| WORK INSTRUCTION |
If a line in the material below has the string "descending", copy it out.

| INPUT RECORDS |
(* Fix an integer $d\ge1$ and let $S_d=\langle a_0,\dots,a_d,s\mid s a_0 s^{-1}a_0^{-1},\ a_{i+1}a_ia_{i+1}^{-1}a_0^{-1}\ (0\le i<d)\rangle$. For $0\le i<j\le d$ and $n\ge1$ let $f_{i,j}(n)=\tfrac12\,\bigl|\mathrm{vrim}(\mathrm{Fan}(a_i^n,a_j^n))\bigr|$. Then $f_{i,j}(n)$ is a polynomial in $n$ of degree $j$; in fact \[ f_{i,j}(n)=\sum_{k=i+1}^{j}\binom{n+k-1}{n-1}. \]
   Context: Each relator of $S_d$ has the form $\lambda p\lambda^{-1}q^{-1}$ with $(\lambda,p,q)=(s,a_0,a_0)$ or $(a_{i+1},a_i,a_0)$. In the unit square of such a relator in the presentation complex, reading from a corner $B$: $\lambda$ goes from $B$ to $Q$, $p$ from $Q$ to the top corner $T$, $\lambda$ from $R$ to $T$, $q$ from $B$ to $R$; the edges $p,\lambda$ into $T$ are the top edges. The descending link is the graph on the generators in which $u,v$ are adjacent iff some relator square has top edges labeled $u$ and $v$; for $S_d$ it is the path $s - a_0 - a_1 - \cdots - a_d$, and each adjacent pair corresponds to a unique relator. For a relator $e$ put $x_e=q^{-1}\lambda$. Simple fans: $\mathrm{Fan}(a,a)$ is a single edge labeled $a$ (apex at its end), empty rims. For distinct generators $a,b$, let $a=v_0,\dots,v_k=b$ be the path in the descending link, take copies $C_i$ of the relator square with top edges $v_{i-1},v_i$, and glue the top edge $v_i$ of $C_i$ to that of $C_{i+1}$ ($1\le i<k$); the common top corner is the apex. The vertex rim is the concatenation of the two-letter words read along the bottom of $C_i$ from the initial vertex of its top edge $v_{i-1}$ to the initial vertex of its top edge $v_i$ (each is $q^{-1}\lambda$ or $\lambda^{-1}q$), so it has the form $a_1^{-1}b_1\cdots a_k^{-1}b_k$; the edge rim replaces $q^{-1}\lambda$ by $x_e$ and $\lambda^{-1}q$ by $x_e^{-1}$. Fans of height $n\ge2$: for positive words $u=au'$, $v=bv'$ of length $n$ with $a,b$ generators, let $F'=\mathrm{Fan}(u',v')$ with vertex rim $a_1^{-1}b_1\cdots a_k^{-1}b_k$, put $b_0=a$, $a_{k+1}=b$, and attach for $i=1,\dots,k+1$ the simple fan $\mathrm{Fan}(b_{i-1},a_i)$ with apex at the rim vertex where the edges $b_{i-1}$ and $a_i$ terminate (for $i=1$, the initial vertex of the side $u'$, the new edge $a$ extending that side; symmetrically for $i=k+1$), identifying its top edges with the corresponding edges. This is $\mathrm{Fan}(u,v)$; its vertex and edge rims are the concatenations of those of the attached simple fans. $|w|$ is the length of a word $w$. *)

theory Defs
  imports "HOL-Computational_Algebra.Polynomial"
begin

datatype gen = s | a nat

text \<open>Letters of a word: (generator, True) is the generator, (generator, False) its inverse.\<close>
type_synonym letter = "gen \<times> bool"

text \<open>A relator lambda p lambda^-1 q^-1 is encoded by the triple (lambda, p, q).\<close>
type_synonym relator = "gen \<times> gen \<times> gen"

definition rlam :: "relator \<Rightarrow> gen" where "rlam e = fst e"
definition rp :: "relator \<Rightarrow> gen" where "rp e = fst (snd e)"
definition rq :: "relator \<Rightarrow> gen" where "rq e = snd (snd e)"

definition relators :: "nat \<Rightarrow> relator list" where
  "relators d = (s, a 0, a 0) # map (\<lambda>i. (a (Suc i), a i, a 0)) [0..<d]"

definition top_edges :: "relator \<Rightarrow> gen set" where
  "top_edges e = {rp e, rlam e}"

definition dlink_adj :: "nat \<Rightarrow> gen \<Rightarrow> gen \<Rightarrow> bool" where
  "dlink_adj d u v \<longleftrightarrow> (\<exists>e\<in>set (relators d). top_edges e = {u, v})"

definition rel_of :: "nat \<Rightarrow> gen \<Rightarrow> gen \<Rightarrow> relator" where
  "rel_of d u v = (THE e. e \<in> set (relators d) \<and> top_edges e = {u, v})"

text \<open>The descending link of S_d is the path s - a_0 - a_1 - ... - a_d;
  position of a generator along it, and the path between two generators.\<close>
fun gpos :: "gen \<Rightarrow> nat" where
  "gpos s = 0" | "gpos (a i) = Suc i"

fun gof :: "nat \<Rightarrow> gen" where
  "gof 0 = s" | "gof (Suc i) = a i"

definition link_path :: "gen \<Rightarrow> gen \<Rightarrow> gen list" where
  "link_path x y = map gof (if gpos x \<le> gpos y then [gpos x..<Suc (gpos y)]
                            else rev [gpos y..<Suc (gpos x)])"

text \<open>Two-letter word read along the bottom of square e from the initial vertex
  of its top edge u to the initial vertex of its other top edge:
  lambda^-1 q if u = p, and q^-1 lambda if u = lambda.\<close>
definition square_piece :: "relator \<Rightarrow> gen \<Rightarrow> letter list" where
  "square_piece e u = (if u = rp e then [(rlam e, False), (rq e, True)]
                       else [(rq e, False), (rlam e, True)])"

text \<open>Vertex rim of the simple fan Fan(x,y) (empty if x = y).\<close>
definition simple_vrim :: "nat \<Rightarrow> gen \<Rightarrow> gen \<Rightarrow> letter list" where
  "simple_vrim d x y = (let P = link_path x y in
      concat (map (\<lambda>(u, v). square_piece (rel_of d u v) u) (zip P (tl P))))"

fun pairs :: "'x list \<Rightarrow> ('x \<times> 'x) list" where
  "pairs (x # y # r) = (x, y) # pairs r"
| "pairs _ = []"

text \<open>Vertex rim of Fan(u,v) for positive words u, v of equal length n >= 1.
  If the rim of Fan(u',v') is a_1^-1 b_1 ... a_k^-1 b_k, the rim of
  Fan(a u', b v') is the concatenation of the rims of Fan(b_{i-1}, a_i),
  i = 1..k+1, with b_0 = a and a_{k+1} = b.\<close>
fun fan_vrim :: "nat \<Rightarrow> gen list \<Rightarrow> gen list \<Rightarrow> letter list" where
  "fan_vrim d [x] [y] = simple_vrim d x y"
| "fan_vrim d (x # u') (y # v') =
     (let r = fan_vrim d u' v';
          seq = x # map fst r @ [y]
      in concat (map (\<lambda>(g, h). simple_vrim d g h) (pairs seq)))"
| "fan_vrim d _ _ = []"

definition f_ij :: "nat \<Rightarrow> nat \<Rightarrow> nat \<Rightarrow> nat \<Rightarrow> real" where
  "f_ij d i j n = real (length (fan_vrim d (replicate n (a i)) (replicate n (a j)))) / 2"

end

theory Submission
  imports Defs
begin

text \<open>For m < d the square with top edges a_m, a_(m+1) is the relator (a_(m+1), a_m, a_0),
  so the simple fan Fan(a_x, a_y) with x <= y has vertex rim a_(x+1)^-1 a_0 ... a_y^-1 a_0.
  Passing from height n to n + 1, the first piece of the rim stays a_(i+1)^-1 a_0, every further
  piece a_(k+1)^-1 a_0 is replaced by the k + 1 pieces of Fan(a_0, a_(k+1)), and the j pieces of
  Fan(a_0, a_j) are appended. Counting the pieces after repeated replacement with the
  hockey-stick identity gives the sum of C(n+k-1, n-1) over k = i+1..j, and
  C(n+k-1, n-1) = n(n+1)...(n+k-1)/k! is a polynomial in n of degree k.\<close>

text \<open>Index k stands for the rim piece a_(k+1)^-1 a_0.\<close>
definition rim_word :: "nat list \<Rightarrow> letter list" where
  "rim_word ks = concat (map (\<lambda>k. [(a (Suc k), False), (a 0, True)]) ks)"

lemma length_rim_word: "length (rim_word ks) = 2 * length ks"
  by (induction ks) (auto simp: rim_word_def)

lemma rim_word_append: "rim_word (ks @ ls) = rim_word ks @ rim_word ls"
  by (simp add: rim_word_def)

lemma rim_word_concat: "rim_word (concat kss) = concat (map rim_word kss)"
  by (induction kss) (simp_all add: rim_word_def)

lemma map_fst_rim_word: "map fst (rim_word ks) = concat (map (\<lambda>k. [a (Suc k), a 0]) ks)"
  by (induction ks) (auto simp: rim_word_def)

lemma rel_of_a_Suc:
  assumes "m < d"
  shows "rel_of d (a m) (a (Suc m)) = (a (Suc m), a m, a 0)"
  unfolding rel_of_def
proof (rule the_equality)
  show "(a (Suc m), a m, a 0) \<in> set (relators d) \<and>
      top_edges (a (Suc m), a m, a 0) = {a m, a (Suc m)}"
    using assms by (auto simp: relators_def top_edges_def rp_def rlam_def)
next
  fix e assume "e \<in> set (relators d) \<and> top_edges e = {a m, a (Suc m)}"
  then show "e = (a (Suc m), a m, a 0)"
    by (auto simp: relators_def top_edges_def rp_def rlam_def doubleton_eq_iff)
qed

lemma link_path_a: "x \<le> y \<Longrightarrow> link_path (a x) (a y) = map a [x..<Suc y]"
  by (simp del: upt_Suc add: link_path_def map_Suc_upt[symmetric] comp_def)

lemma zip_tl_map_upt:
  "x \<le> y \<Longrightarrow> zip (map f [x..<Suc y]) (tl (map f [x..<Suc y])) = map (\<lambda>m. (f m, f (Suc m))) [x..<y]"
  by (rule nth_equalityI) (auto simp: nth_tl simp del: upt_Suc)

lemma simple_vrim_a:
  assumes "x \<le> y" "y \<le> d"
  shows "simple_vrim d (a x) (a y) = rim_word [x..<y]"
proof -
  have "simple_vrim d (a x) (a y) =
      concat (map (\<lambda>m. square_piece (rel_of d (a m) (a (Suc m))) (a m)) [x..<y])"
    using assms by (simp del: upt_Suc add: simple_vrim_def link_path_a zip_tl_map_upt comp_def)
  also have "\<dots> = rim_word [x..<y]"
    unfolding rim_word_def using assms
    by (intro arg_cong[where f = concat] map_cong)
      (auto simp: rel_of_a_Suc square_piece_def rp_def rlam_def rq_def)
  finally show ?thesis .
qed

definition rim_expand :: "nat list \<Rightarrow> nat list" where
  "rim_expand ks = concat (map (\<lambda>k. [0..<Suc k]) ks)"

fun fan_tail :: "nat \<Rightarrow> nat \<Rightarrow> nat \<Rightarrow> nat list" where
  "fan_tail i j 0 = [Suc i..<j]"
| "fan_tail i j (Suc n) = rim_expand (fan_tail i j n) @ [0..<j]"

lemma fan_tail_less: "k \<in> set (fan_tail i j n) \<Longrightarrow> k < j"
  by (induction n arbitrary: k) (fastforce simp: rim_expand_def)+

lemma pairs_interleaved:
  "pairs (x # concat (map (\<lambda>k. [f k, x]) ks) @ [y]) = map (\<lambda>k. (x, f k)) ks @ [(x, y)]"
  by (induction ks) auto

lemma fan_vrim_replicate:
  assumes "i < j" "j \<le> d"
  shows "fan_vrim d (replicate (Suc n) (a i)) (replicate (Suc n) (a j)) = rim_word (i # fan_tail i j n)"
proof (induction n)
  case 0
  then show ?case
    using assms by (simp del: upt_Suc add: simple_vrim_a upt_conv_Cons)
next
  case (Suc n)
  let ?T = "fan_tail i j n"
  have "pairs (a i # map fst (rim_word (i # ?T)) @ [a j])
      = (a i, a (Suc i)) # map (\<lambda>k. (a 0, a (Suc k))) ?T @ [(a 0, a j)]"
    using pairs_interleaved[of "a 0" "\<lambda>k. a (Suc k)" ?T "a j"] by (simp add: map_fst_rim_word)
  moreover have "simple_vrim d (a 0) (a (Suc k)) = rim_word [0..<Suc k]" if "k \<in> set ?T" for k
    using assms fan_tail_less[OF that] by (simp del: upt_Suc add: simple_vrim_a)
  ultimately have "fan_vrim d (replicate (Suc (Suc n)) (a i)) (replicate (Suc (Suc n)) (a j))
      = rim_word [i] @ concat (map (\<lambda>k. rim_word [0..<Suc k]) ?T) @ rim_word [0..<j]"
    using Suc assms
    by (simp del: upt_Suc replicate.simps
        add: replicate_Suc Let_def simple_vrim_a upt_conv_Cons cong: map_cong)
  also have "\<dots> = rim_word ([i] @ rim_expand ?T @ [0..<j])"
    by (simp only: rim_word_append rim_expand_def rim_word_concat map_map comp_def)
  finally show ?case by simp
qed

text \<open>Under t further expansions the index k becomes (t + k) choose t indices.\<close>
lemma sum_list_choose_rim_expand:
  "(\<Sum>k\<leftarrow>rim_expand ks. (t + k) choose t) = (\<Sum>k\<leftarrow>ks. (Suc t + k) choose Suc t)"
proof (induction ks)
  case (Cons k ks)
  have "(\<Sum>l\<leftarrow>[0..<Suc k]. (t + l) choose t) = (Suc t + k) choose Suc t"
    using choose_rising_sum(1)[of t k]
    by (simp del: upt_Suc add: interv_sum_list_conv_sum_set_nat atLeast0AtMost[symmetric]
        atLeastLessThanSuc_atLeastAtMost)
  with Cons show ?case by (simp del: upt_Suc add: rim_expand_def)
qed (simp add: rim_expand_def)

lemma sum_list_choose_fan_tail:
  "(\<Sum>k\<leftarrow>fan_tail i j n. (t + k) choose t)
    = (\<Sum>k=Suc i..<j. (t + n + k) choose (t + n)) + (\<Sum>q<n. (t + q + j) choose Suc (t + q))"
proof (induction n arbitrary: t)
  case 0
  then show ?case by (simp add: interv_sum_list_conv_sum_set_nat)
next
  case (Suc n)
  have "(\<Sum>k\<leftarrow>[0..<j]. (t + k) choose t) = (t + j) choose Suc t"
    using sum_list_choose_rim_expand[of t "[j - 1]"]
    by (cases j) (simp_all del: upt_Suc add: rim_expand_def)
  moreover have "(\<Sum>q<Suc n. (t + q + j) choose Suc (t + q))
      = ((t + j) choose Suc t) + (\<Sum>q<n. (Suc t + q + j) choose Suc (Suc t + q))"
    by (subst sum.lessThan_Suc_shift) simp
  ultimately show ?case
    using Suc[of "Suc t"]
    by (simp del: upt_Suc binomial_Suc_Suc sum.lessThan_Suc add: sum_list_choose_rim_expand)
qed

lemma length_fan_tail:
  assumes "i < j"
  shows "Suc (length (fan_tail i j n)) = (\<Sum>k=Suc i..j. (n + k) choose n)"
proof -
  have "(\<Sum>q<n. (q + j) choose Suc q) + 1 = (n + j) choose n"
    by (induction n) auto
  moreover have "length (fan_tail i j n) =
      (\<Sum>k=Suc i..<j. (n + k) choose n) + (\<Sum>q<n. (q + j) choose Suc q)"
    using sum_list_choose_fan_tail[of 0 i j n] by (simp add: sum_list_triv)
  ultimately show ?thesis
    using assms by (simp add: atLeastLessThanSuc_atLeastAtMost[symmetric] sum.atLeastLessThan_Suc)
qed

lemma f_ij_Suc:
  assumes "i < j" "j \<le> d"
  shows "f_ij d i j (Suc n) = (\<Sum>k=Suc i..j. real ((n + k) choose n))"
proof -
  have "f_ij d i j (Suc n) = real (Suc (length (fan_tail i j n)))"
    unfolding f_ij_def fan_vrim_replicate[OF assms] length_rim_word by simp
  then show ?thesis
    using length_fan_tail[OF assms(1), of n] by simp
qed

definition multichoose_poly :: "nat \<Rightarrow> real poly" where
  "multichoose_poly k = smult (inverse (fact k)) (\<Prod>l<k. [:of_nat l, 1:])"

lemma degree_multichoose_poly: "degree (multichoose_poly k) = k"
proof -
  have "degree (\<Prod>l<k. [:of_nat l, 1:] :: real poly) = (\<Sum>l<k. degree ([:of_nat l, 1:] :: real poly))"
    by (rule degree_prod_eq_sum_degree) auto
  then show ?thesis by (simp add: multichoose_poly_def)
qed

lemma poly_multichoose_poly: "poly (multichoose_poly k) (real (Suc n)) = real ((n + k) choose n)"
proof -
  have "poly (multichoose_poly k) (real (Suc n)) = pochhammer (real n + 1) k / fact k"
    by (simp add: multichoose_poly_def poly_prod pochhammer_prod lessThan_atLeast0 field_simps
        ac_simps)
  also have "\<dots> = real (n + k) gchoose k"
    by (simp add: gbinomial_pochhammer' of_nat_diff)
  also have "\<dots> = real ((n + k) choose k)"
    by (simp add: binomial_gbinomial)
  also have "(n + k) choose k = (n + k) choose n"
    by (subst binomial_symmetric) simp_all
  finally show ?thesis .
qed

lemma degree_sum_multichoose_poly:
  assumes "i < j"
  shows "degree (\<Sum>k=Suc i..j. multichoose_poly k) = j"
proof -
  have "degree (\<Sum>k=Suc i..<j. multichoose_poly k) \<le> j - 1"
    by (rule degree_sum_le) (auto simp: degree_multichoose_poly)
  then have "degree (\<Sum>k=Suc i..<j. multichoose_poly k) < degree (multichoose_poly j)"
    using assms by (simp add: degree_multichoose_poly)
  then show ?thesis
    using assms
    by (simp add: atLeastLessThanSuc_atLeastAtMost[symmetric] sum.atLeastLessThan_Suc
        degree_add_eq_right degree_multichoose_poly)
qed

theorem mainTheorem5:
  fixes d i j :: nat
  assumes "d \<ge> 1" and "i < j" and "j \<le> d"
  shows "(\<exists>P :: real poly. degree P = j \<and> (\<forall>n\<ge>1. f_ij d i j n = poly P (real n)))
       \<and> (\<forall>n\<ge>1. f_ij d i j n = (\<Sum>k=i+1..j. real ((n + k - 1) choose (n - 1))))"
proof -
  let ?P = "\<Sum>k=Suc i..j. multichoose_poly k"
  have "f_ij d i j n = (\<Sum>k=i+1..j. real ((n + k - 1) choose (n - 1)))
      \<and> f_ij d i j n = poly ?P (real n)" if "n \<ge> 1" for n
  proof -
    obtain m where "n = Suc m" using \<open>n \<ge> 1\<close> by (cases n) auto
    then show ?thesis
      using assms by (simp del: of_nat_Suc add: f_ij_Suc poly_sum poly_multichoose_poly)
  qed
  then show ?thesis
    using degree_sum_multichoose_poly[OF \<open>i < j\<close>] by blast
qed

end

| COMPLETED TASK |
   Context: Each relator of $S_d$ has the form $\lambda p\lambda^{-1}q^{-1}$ with $(\lambda,p,q)=(s,a_0,a_0)$ or $(a_{i+1},a_i,a_0)$. In the unit square of such a relator in the presentation complex, reading from a corner $B$: $\lambda$ goes from $B$ to $Q$, $p$ from $Q$ to the top corner $T$, $\lambda$ from $R$ to $T$, $q$ from $B$ to $R$; the edges $p,\lambda$ into $T$ are the top edges. The descending link is the graph on the generators in which $u,v$ are adjacent iff some relator square has top edges labeled $u$ and $v$; for $S_d$ it is the path $s - a_0 - a_1 - \cdots - a_d$, and each adjacent pair corresponds to a unique relator. For a relator $e$ put $x_e=q^{-1}\lambda$. Simple fans: $\mathrm{Fan}(a,a)$ is a single edge labeled $a$ (apex at its end), empty rims. For distinct generators $a,b$, let $a=v_0,\dots,v_k=b$ be the path in the descending link, take copies $C_i$ of the relator square with top edges $v_{i-1},v_i$, and glue the top edge $v_i$ of $C_i$ to that of $C_{i+1}$ ($1\le i<k$); the common top corner is the apex. The vertex rim is the concatenation of the two-letter words read along the bottom of $C_i$ from the initial vertex of its top edge $v_{i-1}$ to the initial vertex of its top edge $v_i$ (each is $q^{-1}\lambda$ or $\lambda^{-1}q$), so it has the form $a_1^{-1}b_1\cdots a_k^{-1}b_k$; the edge rim replaces $q^{-1}\lambda$ by $x_e$ and $\lambda^{-1}q$ by $x_e^{-1}$. Fans of height $n\ge2$: for positive words $u=au'$, $v=bv'$ of length $n$ with $a,b$ generators, let $F'=\mathrm{Fan}(u',v')$ with vertex rim $a_1^{-1}b_1\cdots a_k^{-1}b_k$, put $b_0=a$, $a_{k+1}=b$, and attach for $i=1,\dots,k+1$ the simple fan $\mathrm{Fan}(b_{i-1},a_i)$ with apex at the rim vertex where the edges $b_{i-1}$ and $a_i$ terminate (for $i=1$, the initial vertex of the side $u'$, the new edge $a$ extending that side; symmetrically for $i=k+1$), identifying its top edges with the corresponding edges. This is $\mathrm{Fan}(u,v)$; its vertex and edge rims are the concatenations of those of the attached simple fans. $|w|$ is the length of a word $w$. *)
text \<open>The descending link of S_d is the path s - a_0 - a_1 - ... - a_d;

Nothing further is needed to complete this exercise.